Mas hoje ia acabar com aquela situação. Largou tudo em cima da mesa, saiu de casa e começou a caminhar apressadamente. Ou resolvia tudo nesse dia ou nunca mais tinha coragem para se olhar ao espelho. Sempre queria ver quem levava a melhor. Se ela, se o malvado. Uma vida toda a ser escrava e sem forças para reagir? E logo ela que já tinha enfrentado tantos problemas na vida? Não! Não passaria desse dia. E apressava mais o passo à medida que tinha estes pensamentos.
Ia tão distraída que nem reparou que levava os chinelos de quarto calçados. Notava que algumas pessoas por quem passava a olhavam de um modo diferente e pensava: será que no meu semblante se nota a minha perturbação?
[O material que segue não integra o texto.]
lemma bent_walk_no_repeat:
  assumes geo: "geodesic_boundaries W"
  shows "\<lbrakk>2 \<le> M; bent_walk W w M; inj_on (step w) {..<M - 1}\<rbrakk> \<Longrightarrow> step w 0 \<noteq> step w (M - 1)"
proof (induction M arbitrary: w rule: less_induct)
  case (less M w)
  note steps = bent_walkD[OF less.prems(2)]
  show ?case
  proof
    assume rep: "step w 0 = step w (M - 1)"
    show False
    proof (cases "M = 2")
      case True
      then have "step w 1 = step w 0" using rep by simp
      then have "symdiff (w 0) (step w 1) = w 1" unfolding step_def by simp
      then show False using steps(1)[of 1] steps(3)[of 0] True by simp
    next
      case False
      then have "3 \<le> M" using less.prems(1) by simp
      then obtain r e where r: "1 < r" "r < M - 1" and e: "step w r = {e}"
        and w1: "symdiff (w 1) {e} \<in> W"
        using bent_walk_repeat_geodesic_step[OF geo less.prems(2) _ less.prems(3) rep] by blast
      have "symdiff (w (Suc i)) {e} \<in> W" if "Suc i < r" for i
        using that
      proof (induction i)
        case (Suc i)
        then have IH: "symdiff (w (Suc i)) {e} \<in> W" by simp
        show ?case
        proof (rule ccontr)
          assume not_in_W: "symdiff (w (Suc (Suc i))) {e} \<notin> W"
          have "1 \<le> Suc i" "Suc i < r" using Suc.prems by simp_all
          then obtain w' M' where "M' < M" "2 \<le> M'" "bent_walk W w' M'"
            "inj_on (step w') {..<M' - 1}" "step w' 0 = step w' (M' - 1)"
            by (rule bent_walk_detour[OF less.prems(2,3) _ _ r(2) e IH not_in_W])
          then show False using less.IH by blast
        qed
      qed (use w1 in simp)
      from this[of "r - 2"] have "symdiff (w (r - 1)) (step w r) \<in> W" using r e
        by (simp add: Suc_diff_Suc numeral_2_eq_2)
      moreover have "Suc (r - 1) < M" using r by simp
      ultimately show False using steps(3)[of "r - 1"] r by simp
    qed
  qed
qed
Aquele demónio tem tanto poder que até consegue que eu seja notada, quando queria passar despercebida?
Começou a diminuir o ritmo das passadas e a tentar reflectir, mais serenamente, em tudo o que tinha feito e aturado durante os últimos dias. Ainda por cima na sua casa, no lugar onde sempre se tinha sentido protegida e longe dele e de outros como ele…
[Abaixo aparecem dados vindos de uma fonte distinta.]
(* Let $\phi$ be a function mapping every non-empty subset of $\mathbb{R}^2$ to a non-empty subset of $\mathbb{R}^2$ that satisfies Properties 1 and 2 below. Let $T=\{T_1,\dots,T_m\}$ be a set of pairwise non-crossing geometric trees in the plane. Then the $\phi$-cover of $T$ is well-defined: any two executions of the merging process described below on $T$ output the same set $\mathcal{C}$, regardless of the arbitrary choices made.
   Context: A geometric tree is a plane straight-line embedding of a tree in $\mathbb{R}^2$ (viewed as a subset of $\mathbb{R}^2$). Property 1: for every non-empty $A\subseteq\mathbb{R}^2$, $A\subseteq\phi(A)$. Property 2: for all non-empty $A,B\subseteq\mathbb{R}^2$, if $A\subseteq\phi(B)$ then $\phi(A)\subseteq\phi(B)$. The merging process: start with $\mathcal{C}=\{\phi(T_i)\mid 1\le i\le m\}$ (a collection of sets, each tracked as a separate element); while the elements of $\mathcal{C}$ are not pairwise disjoint, choose arbitrarily two distinct elements $C,C'$ of $\mathcal{C}$ with $C\cap C'\neq\emptyset$ and replace them in $\mathcal{C}$ by $\phi(C\cup C')$; when the elements are pairwise disjoint, output $\mathcal{C}$. The output is called the $\phi$-cover of $T$. *)

theory Defs
  imports "HOL-Analysis.Analysis" "HOL-Library.Multiset"
begin

type_synonym point = "real ^ 2"

text \<open>The underlying abstract graph is a tree
  (connected, with |E| = |V| - 1); edges are drawn as straight segments that meet only in
  common endpoints and do not pass through other vertices.\<close>
definition plane_tree :: "point set \<Rightarrow> point set set \<Rightarrow> bool" where
  "plane_tree V E \<longleftrightarrow>
     finite V \<and> V \<noteq> {} \<and>
     (\<forall>e\<in>E. \<exists>u v. u \<in> V \<and> v \<in> V \<and> u \<noteq> v \<and> e = {u, v}) \<and>
     (\<forall>u\<in>V. \<forall>v\<in>V. (u, v) \<in> {(x, y). {x, y} \<in> E}\<^sup>*) \<and>
     card E = card V - 1 \<and>
     (\<forall>e\<in>E. \<forall>f\<in>E. e \<noteq> f \<longrightarrow> convex hull e \<inter> convex hull f \<subseteq> e \<inter> f) \<and>
     (\<forall>w\<in>V. \<forall>e\<in>E. w \<in> convex hull e \<longrightarrow> w \<in> e)"

definition geom_tree :: "point set \<Rightarrow> point set set \<Rightarrow> point set" where
  "geom_tree V E = V \<union> \<Union> ((\<lambda>e. convex hull e) ` E)"

definition non_crossing :: "point set \<times> point set set \<Rightarrow> point set \<times> point set set \<Rightarrow> bool" where
  "non_crossing T1 T2 \<longleftrightarrow>
     (\<forall>e\<in>snd T1. \<forall>f\<in>snd T2.
        \<not> (\<exists>p. convex hull e \<inter> convex hull f = {p} \<and> p \<notin> e \<and> p \<notin> f))"

text \<open>One step of the merging process on a collection (multiset) of sets: pick two
  distinct elements (occurrences) C, C' with nonempty intersection and replace them by
  phi (C \<union> C').\<close>
definition merge_step :: "('a set \<Rightarrow> 'a set) \<Rightarrow> 'a set multiset \<Rightarrow> 'a set multiset \<Rightarrow> bool" where
  "merge_step \<phi> \<C> \<C>' \<longleftrightarrow>
     (\<exists>C C'. {#C, C'#} \<subseteq># \<C> \<and> C \<inter> C' \<noteq> {} \<and>
             \<C>' = \<C> - {#C, C'#} + {#\<phi> (C \<union> C')#})"

definition pairwise_disjoint_coll :: "'a set multiset \<Rightarrow> bool" where
  "pairwise_disjoint_coll \<C> \<longleftrightarrow> (\<forall>C C'. {#C, C'#} \<subseteq># \<C> \<longrightarrow> C \<inter> C' = {})"

definition merging_output :: "('a set \<Rightarrow> 'a set) \<Rightarrow> 'a set multiset \<Rightarrow> 'a set multiset \<Rightarrow> bool" where
  "merging_output \<phi> \<C>0 \<C> \<longleftrightarrow> (merge_step \<phi>)\<^sup>*\<^sup>* \<C>0 \<C> \<and> pairwise_disjoint_coll \<C>"

end

theory Submission
  imports Defs
begin

text \<open>Properties 1 and 2 make \<phi> idempotent, so every set produced by the merging process
  is a nonempty fixed point of \<phi>. If a collection \<D> of pairwise disjoint fixed points
  covers the starting sets (each lies inside a member of \<D>), it keeps covering them along any
  run: two intersecting sets lie in the same member D of \<D>, hence so does \<phi> of their union.
  Applying this to the outputs of two runs, each refines the other; disjointness then forces
  them to consist of the same sets.\<close>

lemma pair_subseteq_mset:
  assumes "a \<noteq> b" "a \<in># M" "b \<in># M"
  shows "{#a, b#} \<subseteq># M"
proof -
  obtain M' where "M = add_mset a M'"
    using multi_member_split[OF assms(2)] ..
  with assms show ?thesis by simp
qed

lemma pairwise_disjoint_collD:
  assumes "pairwise_disjoint_coll \<D>" "X \<in># \<D>" "Y \<in># \<D>" "X \<inter> Y \<noteq> {}"
  shows "X = Y"
proof (rule ccontr)
  assume "X \<noteq> Y"
  then have "{#X, Y#} \<subseteq># \<D>"
    using assms(2,3) by (rule pair_subseteq_mset)
  with assms(1,4) show False
    unfolding pairwise_disjoint_coll_def by blast
qed

lemma merge_stepE:
  assumes "merge_step \<phi> \<A> \<B>"
  obtains C C' where "C \<in># \<A>" "C' \<in># \<A>" "C \<inter> C' \<noteq> {}" "\<phi> (C \<union> C') \<in># \<B>"
    "\<And>X. X \<in># \<B> \<Longrightarrow> X \<in># \<A> \<or> X = \<phi> (C \<union> C')"
    "\<And>X. X \<in># \<A> \<Longrightarrow> X \<in># \<B> \<or> X = C \<or> X = C'"
proof -
  obtain C C' where sub: "{#C, C'#} \<subseteq># \<A>" and meet: "C \<inter> C' \<noteq> {}"
    and \<B>: "\<B> = \<A> - {#C, C'#} + {#\<phi> (C \<union> C')#}"
    using assms unfolding merge_step_def by blast
  have "X \<in># \<B> \<or> X = C \<or> X = C'" if "X \<in># \<A>" for X
  proof (cases "X \<in># \<A> - {#C, C'#}")
    case False
    with that have "count {#C, C'#} X > 0"
      by (metis count_greater_zero_iff in_diff_count not_gr_zero)
    then have "X \<in># {#C, C'#}"
      by (simp only: count_greater_zero_iff)
    then show ?thesis by simp
  qed (simp add: \<B>)
  moreover have "C \<in># \<A>" "C' \<in># \<A>"
    using sub by (auto intro: mset_subset_eqD)
  ultimately show thesis
    using meet by (intro that) (auto simp: \<B> dest: in_diffD)
qed

definition coll_refines :: "'a set multiset \<Rightarrow> 'a set multiset \<Rightarrow> bool" where
  "coll_refines \<A> \<B> \<longleftrightarrow> (\<forall>X\<in>#\<A>. \<exists>Y\<in>#\<B>. X \<subseteq> Y)"

lemma coll_refines_refl: "coll_refines \<A> \<A>"
  unfolding coll_refines_def by blast

lemma coll_refines_trans: "coll_refines \<A> \<B> \<Longrightarrow> coll_refines \<B> \<C> \<Longrightarrow> coll_refines \<A> \<C>"
  unfolding coll_refines_def by (meson order_trans)

lemma set_mset_eq_if_coll_refines_disjoint:
  assumes "coll_refines \<A> \<B>" "coll_refines \<B> \<A>" "pairwise_disjoint_coll \<A>" "pairwise_disjoint_coll \<B>"
    and "{} \<notin># \<A>" "{} \<notin># \<B>"
  shows "set_mset \<A> = set_mset \<B>"
proof -
  have "X \<in># \<Q>"
    if PQ: "coll_refines \<P> \<Q>" and QP: "coll_refines \<Q> \<P>" and disj: "pairwise_disjoint_coll \<P>"
      and ne: "{} \<notin># \<P>" and X: "X \<in># \<P>"
    for \<P> \<Q> :: "'a set multiset" and X
  proof -
    obtain Y where Y: "Y \<in># \<Q>" "X \<subseteq> Y"
      using PQ X unfolding coll_refines_def by blast
    then obtain X' where X': "X' \<in># \<P>" "Y \<subseteq> X'"
      using QP unfolding coll_refines_def by blast
    have "X \<inter> X' \<noteq> {}"
      using Y(2) X'(2) ne X by (metis Int_absorb2 order_trans)
    then have "X = X'"
      using pairwise_disjoint_collD[OF disj X X'(1)] by blast
    with Y X' have "X = Y" by blast
    with Y show ?thesis by simp
  qed
  with assms show ?thesis by blast
qed

text \<open>Properties 1 and 2; that \<phi> maps nonempty sets to nonempty sets follows from the first.\<close>

locale merging_operator =
  fixes \<phi> :: "'a set \<Rightarrow> 'a set"
  assumes extensive: "A \<noteq> {} \<Longrightarrow> A \<subseteq> \<phi> A"
    and absorb: "A \<noteq> {} \<Longrightarrow> B \<noteq> {} \<Longrightarrow> A \<subseteq> \<phi> B \<Longrightarrow> \<phi> A \<subseteq> \<phi> B"
begin

lemma image_nonempty: "A \<noteq> {} \<Longrightarrow> \<phi> A \<noteq> {}"
  using extensive by blast

lemma idem: "A \<noteq> {} \<Longrightarrow> \<phi> (\<phi> A) = \<phi> A"
  by (simp add: absorb extensive image_nonempty subset_antisym)

definition closed_coll :: "'a set multiset \<Rightarrow> bool" where
  "closed_coll \<C> \<longleftrightarrow> (\<forall>X\<in>#\<C>. X \<noteq> {} \<and> \<phi> X = X)"

lemma closed_coll_nonempty: "closed_coll \<C> \<Longrightarrow> {} \<notin># \<C>"
  unfolding closed_coll_def by blast

lemma closed_coll_merge_step:
  assumes "merge_step \<phi> \<A> \<B>" "closed_coll \<A>"
  shows "closed_coll \<B>"
proof -
  obtain C C' where "C \<inter> C' \<noteq> {}" "\<And>X. X \<in># \<B> \<Longrightarrow> X \<in># \<A> \<or> X = \<phi> (C \<union> C')"
    using assms(1) by (rule merge_stepE) blast
  with assms(2) show ?thesis
    unfolding closed_coll_def by (metis Un_empty idem inf_bot_left image_nonempty)
qed

lemma closed_coll_merge_steps:
  "(merge_step \<phi>)\<^sup>*\<^sup>* \<A> \<B> \<Longrightarrow> closed_coll \<A> \<Longrightarrow> closed_coll \<B>"
  by (induction rule: rtranclp_induct) (auto intro: closed_coll_merge_step)

lemma coll_refines_merge_step:
  assumes "merge_step \<phi> \<A> \<B>"
  shows "coll_refines \<A> \<B>"
proof -
  obtain C C' where "C \<inter> C' \<noteq> {}" "\<phi> (C \<union> C') \<in># \<B>"
    "\<And>X. X \<in># \<A> \<Longrightarrow> X \<in># \<B> \<or> X = C \<or> X = C'"
    using assms by (rule merge_stepE) blast
  moreover have "C \<union> C' \<subseteq> \<phi> (C \<union> C')"
    using \<open>C \<inter> C' \<noteq> {}\<close> by (intro extensive) blast
  ultimately show ?thesis
    unfolding coll_refines_def by blast
qed

lemma coll_refines_merge_steps: "(merge_step \<phi>)\<^sup>*\<^sup>* \<A> \<B> \<Longrightarrow> coll_refines \<A> \<B>"
  by (induction rule: rtranclp_induct)
    (auto intro: coll_refines_refl coll_refines_trans coll_refines_merge_step)

lemma merge_step_preserves_coll_refines:
  assumes "merge_step \<phi> \<A> \<B>" "coll_refines \<A> \<D>" "pairwise_disjoint_coll \<D>" "closed_coll \<D>"
  shows "coll_refines \<B> \<D>"
proof -
  obtain C C' where meet: "C \<inter> C' \<noteq> {}" and C: "C \<in># \<A>" "C' \<in># \<A>"
    and \<B>: "\<And>X. X \<in># \<B> \<Longrightarrow> X \<in># \<A> \<or> X = \<phi> (C \<union> C')"
    using assms(1) by (rule merge_stepE) blast
  obtain D where D: "D \<in># \<D>" "C \<subseteq> D"
    using assms(2) C(1) unfolding coll_refines_def by blast
  obtain D' where D': "D' \<in># \<D>" "C' \<subseteq> D'"
    using assms(2) C(2) unfolding coll_refines_def by blast
  have "D \<inter> D' \<noteq> {}"
    using meet D(2) D'(2) by blast
  then have "D = D'"
    by (rule pairwise_disjoint_collD[OF assms(3) D(1) D'(1)])
  have D_closed: "D \<noteq> {}" "\<phi> D = D"
    using assms(4) D(1) unfolding closed_coll_def by auto
  have "C \<union> C' \<noteq> {}"
    using meet by blast
  moreover note \<open>D \<noteq> {}\<close>
  moreover have "C \<union> C' \<subseteq> \<phi> D"
    using D(2) D'(2) \<open>D = D'\<close> D_closed(2) by blast
  ultimately have "\<phi> (C \<union> C') \<subseteq> \<phi> D"
    by (rule absorb)
  with D_closed(2) have merged: "\<phi> (C \<union> C') \<subseteq> D"
    by simp
  show ?thesis
    unfolding coll_refines_def
  proof
    fix X
    assume "X \<in># \<B>"
    then consider "X \<in># \<A>" | "X = \<phi> (C \<union> C')"
      using \<B> by blast
    then show "\<exists>Y\<in>#\<D>. X \<subseteq> Y"
      by cases (use assms(2) D(1) merged in \<open>auto simp: coll_refines_def\<close>)
  qed
qed

lemma merge_steps_preserve_coll_refines:
  assumes "(merge_step \<phi>)\<^sup>*\<^sup>* \<A> \<B>" "coll_refines \<A> \<D>" "pairwise_disjoint_coll \<D>" "closed_coll \<D>"
  shows "coll_refines \<B> \<D>"
  using assms by (induction rule: rtranclp_induct) (auto intro: merge_step_preserves_coll_refines)

theorem merging_output_unique:
  assumes "closed_coll \<C>0" "merging_output \<phi> \<C>0 \<C>1" "merging_output \<phi> \<C>0 \<C>2"
  shows "set_mset \<C>1 = set_mset \<C>2"
proof -
  have runs: "(merge_step \<phi>)\<^sup>*\<^sup>* \<C>0 \<C>1" "(merge_step \<phi>)\<^sup>*\<^sup>* \<C>0 \<C>2"
    and disjoint: "pairwise_disjoint_coll \<C>1" "pairwise_disjoint_coll \<C>2"
    using assms(2,3) unfolding merging_output_def by auto
  have closed: "closed_coll \<C>1" "closed_coll \<C>2"
    using runs assms(1) by (auto intro: closed_coll_merge_steps)
  have "coll_refines \<C>1 \<C>2" "coll_refines \<C>2 \<C>1"
    using runs disjoint closed
    by (auto intro: merge_steps_preserve_coll_refines coll_refines_merge_steps)
  with disjoint closed show ?thesis
    by (intro set_mset_eq_if_coll_refines_disjoint closed_coll_nonempty)
qed

end

theorem theorem1:
  fixes \<phi> :: "point set \<Rightarrow> point set"
    and Ts :: "(point set \<times> point set set) list"
  assumes phi_ne: "\<And>A. A \<noteq> {} \<Longrightarrow> \<phi> A \<noteq> {}"
    and prop1: "\<And>A. A \<noteq> {} \<Longrightarrow> A \<subseteq> \<phi> A"
    and prop2: "\<And>A B. A \<noteq> {} \<Longrightarrow> B \<noteq> {} \<Longrightarrow> A \<subseteq> \<phi> B \<Longrightarrow> \<phi> A \<subseteq> \<phi> B"
    and trees: "\<And>T. T \<in> set Ts \<Longrightarrow> plane_tree (fst T) (snd T)"
    and distinct: "distinct (map (\<lambda>T. geom_tree (fst T) (snd T)) Ts)"
    and noncross: "\<And>i j. i < length Ts \<Longrightarrow> j < length Ts \<Longrightarrow> i \<noteq> j \<Longrightarrow>
                     non_crossing (Ts ! i) (Ts ! j)"
    and run1: "merging_output \<phi> (mset (map (\<lambda>T. \<phi> (geom_tree (fst T) (snd T))) Ts)) \<C>1"
    and run2: "merging_output \<phi> (mset (map (\<lambda>T. \<phi> (geom_tree (fst T) (snd T))) Ts)) \<C>2"
  shows "set_mset \<C>1 = set_mset \<C>2"
proof -
  interpret merging_operator \<phi>
    using prop1 prop2 by unfold_locales
  have "geom_tree (fst T) (snd T) \<noteq> {}" if "T \<in> set Ts" for T
  proof -
    have "fst T \<noteq> {}"
      using trees[OF that] unfolding plane_tree_def by (elim conjE)
    then show ?thesis
      unfolding geom_tree_def by blast
  qed
  then have "closed_coll (mset (map (\<lambda>T. \<phi> (geom_tree (fst T) (snd T))) Ts))"
    unfolding closed_coll_def by (auto simp: image_nonempty idem)
  then show ?thesis
    using run1 run2 by (rule merging_output_unique)
qed

end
Quando deu por si estava fora da povoação, a caminhar por uma estreita vereda que ela no entanto bem conhecia. Passado algum tempo, depois duma curva, deu de caras com o Vitorino, que sentado numa pedra, fumava um cigarro, com a espingarda ali ao lado encostada a uma árvore.
- Que fazes por aqui? Perguntou ele mais espantado do que se lhe tivesse aparecido um bando de perdizes.
- Nada. Passeio e apanho ar.
- Pareces cansada. Senta-te aqui e bebe um pouco de água – e ele levantou-se com o cantil na mão e caminhou para ela.
- Não te chegues ao pé de mim! Gritou ela enquanto começava a correr, deixando-o espantado, de braço estendido, segurando o cantil pelas correias.
Depois de correr uns minutos ela não aguentou mais e deixou-se cair à sombra de uma árvore. Sentia-se mal disposta, o sangue a latejar-lhe nas têmporas, tinha muita sede e de repente teve um vómito. Ficou assim uns minutos e lentamente foi acalmando. Depois levantou-se e pôs-se a caminho de regresso a casa, penosamente. Foi pensando nos últimos acontecimentos e acabou por dar razão aos amigos que ainda na véspera a tinham massacrado com conselhos. Mas não gostava que se metessem nos seus problemas e isso incomodava-a. Quando entrou em casa, bebeu um copo de água em pequenos goles e deitou-se sobre a cama. Estava transpirada, mas agora sentia-se um pouco melhor. Adormeceu assim mesmo. Acordou sobressaltada a gritar “sai daqui, não te chegues perto de mim”. Tinha sonhado com Vitorino a caminhar para ela, de cantil na mão e com um maço de tabaco a sair do bolso da camisa. Era um pesadelo. Estava com sede e com fome. Dirigiu-se à cozinha e a primeira coisa que viu foi o maço de tabaco em cima da mesa, para onde o tinha atirado, ao sair. Pegou nele, foi à casa de banho, rasgou-o com gana, atirou tudo para a sanita e puxou o autoclismo.
Depois voltou para a cozinha para beber e comer qualquer coisa.
Foi assim que passou o dia em que deixou de fumar.